The headwaters of the river are at Metolius Springs, where the river emerges from two clusters of springs at the base of Black Butte. Water flows to these springs from the drainage basin around Black Butte Ranch, several miles to the south. The elevation of the drainage basin is 300 ft above that of the springs, forming a natural standpipe that tends to stabilize the river's rate of flow.

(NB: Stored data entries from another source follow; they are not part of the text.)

lemma openin_limsup_metric_iff:
  "openin T_union U \<longleftrightarrow> U \<subseteq> G_union \<and> (\<forall>a\<in>I. openin (T a) (U \<inter> G a))"
proof (intro iffI conjI ballI)
  assume U: "openin T_union U"
  then show "U \<subseteq> G_union"
    using openin_subset[OF U] by simp
  fix a assume a: "a \<in> I"
  have "openin (T a) {x \<in> topspace (T a). id x \<in> U}"
    using continuous_map_stage_inclusion[OF a] U unfolding continuous_map_def by blast
  moreover have "{x \<in> topspace (T a). id x \<in> U} = U \<inter> G a"
    using topspace_T[OF a] by auto
  ultimately show "openin (T a) (U \<inter> G a)"
    by simp
next
  assume U: "U \<subseteq> G_union \<and> (\<forall>a\<in>I. openin (T a) (U \<inter> G a))"
  have "closedin T_union (G_union - U)"
    unfolding Metric_space.metric_closedin_iff_sequentially_closed[OF Metric_space_limsup_metric]
  proof (intro conjI allI impI)
    fix \<sigma> l assume \<sigma>: "range \<sigma> \<subseteq> G_union - U \<and> limitin T_union \<sigma> l sequentially"
    then obtain v where v: "v \<in> I" "limitin (T v) \<sigma> l sequentially"
      using eventually_tail_exists[OF limitin_eventually_stage] by blast
    have "l \<notin> U"
    proof
      assume "l \<in> U"
      moreover have "l \<in> G v"
        using limitin_topspace[OF v(2)] topspace_T[OF v(1)] by simp
      ultimately have "eventually (\<lambda>n. \<sigma> n \<in> U \<inter> G v) sequentially"
        using v U unfolding limitin_def by blast
      with \<sigma> show False
        by (auto simp: image_subset_iff dest: eventually_happens)
    qed
    then show "l \<in> G_union - U"
      using \<sigma> Metric_space.limitin_mspace[OF Metric_space_limsup_metric] by blast
  qed auto
  then show "openin T_union U"
    using U by (simp add: openin_closedin_eq Diff_Diff_Int Int_absorb1)
qed

lemma colimit_topology_eq_mtopology: "colimit_topology I T = T_union"
proof -
  have "openin T_union = (\<lambda>U. U \<subseteq> (\<Union>a\<in>I. topspace (T a))
      \<and> (\<forall>a\<in>I. openin (T a) (U \<inter> topspace (T a))))"
    by (simp add: openin_limsup_metric_iff topspace_T fun_eq_iff cong: SUP_cong)
  then show ?thesis
    unfolding colimit_topology_def by (metis openin_inverse)
qed

end


locale long_Lipschitz_group_family = long_Lipschitz_family I le G d L
  for I :: "'i set" and le and G :: "'i \<Rightarrow> 'g::group_add set" and d L +
  assumes topgrp: "\<And>a. a \<in> I \<Longrightarrow> topological_group_on (Metric_space.mtopology (G a) (d a))"
begin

As a consequence, the water level in the Metolius River is relatively constant. The rate of flow at the headwaters is approximately 190 m3/min or 50,000 gallons per minute), although it grows by an additional 2300 m3/min or 600,000 gallons per minute) by the time the river reaches Lake Billy Chinook. Similarly, the water temperature is also stable; at the river source, the water temperature is a consistent 48 °F.

==General==
The Metolius River flows 28.6 mi from Metolius Springs through the Deschutes National Forest, emptying into Lake Billy Chinook and ultimately the Deschutes River. The upper 11.5 mi of the river are popular for catch-and-release fishing, whitewater rafting, picnicking, and camping. The lower 17 mi are on the boundary of the Warm Springs Indian Reservation, and flow by "a primitive area where motorized vehicles are not allowed."

The Metolius River was officially designated a National Wild and Scenic River in 1988.

Many of the summer homes along the Metolius River are constructed on United States Forest Service land, under provisions of a 1915 act of Congress, and are generally required to be set back from the river at least 50 ft, allowing public access to the river.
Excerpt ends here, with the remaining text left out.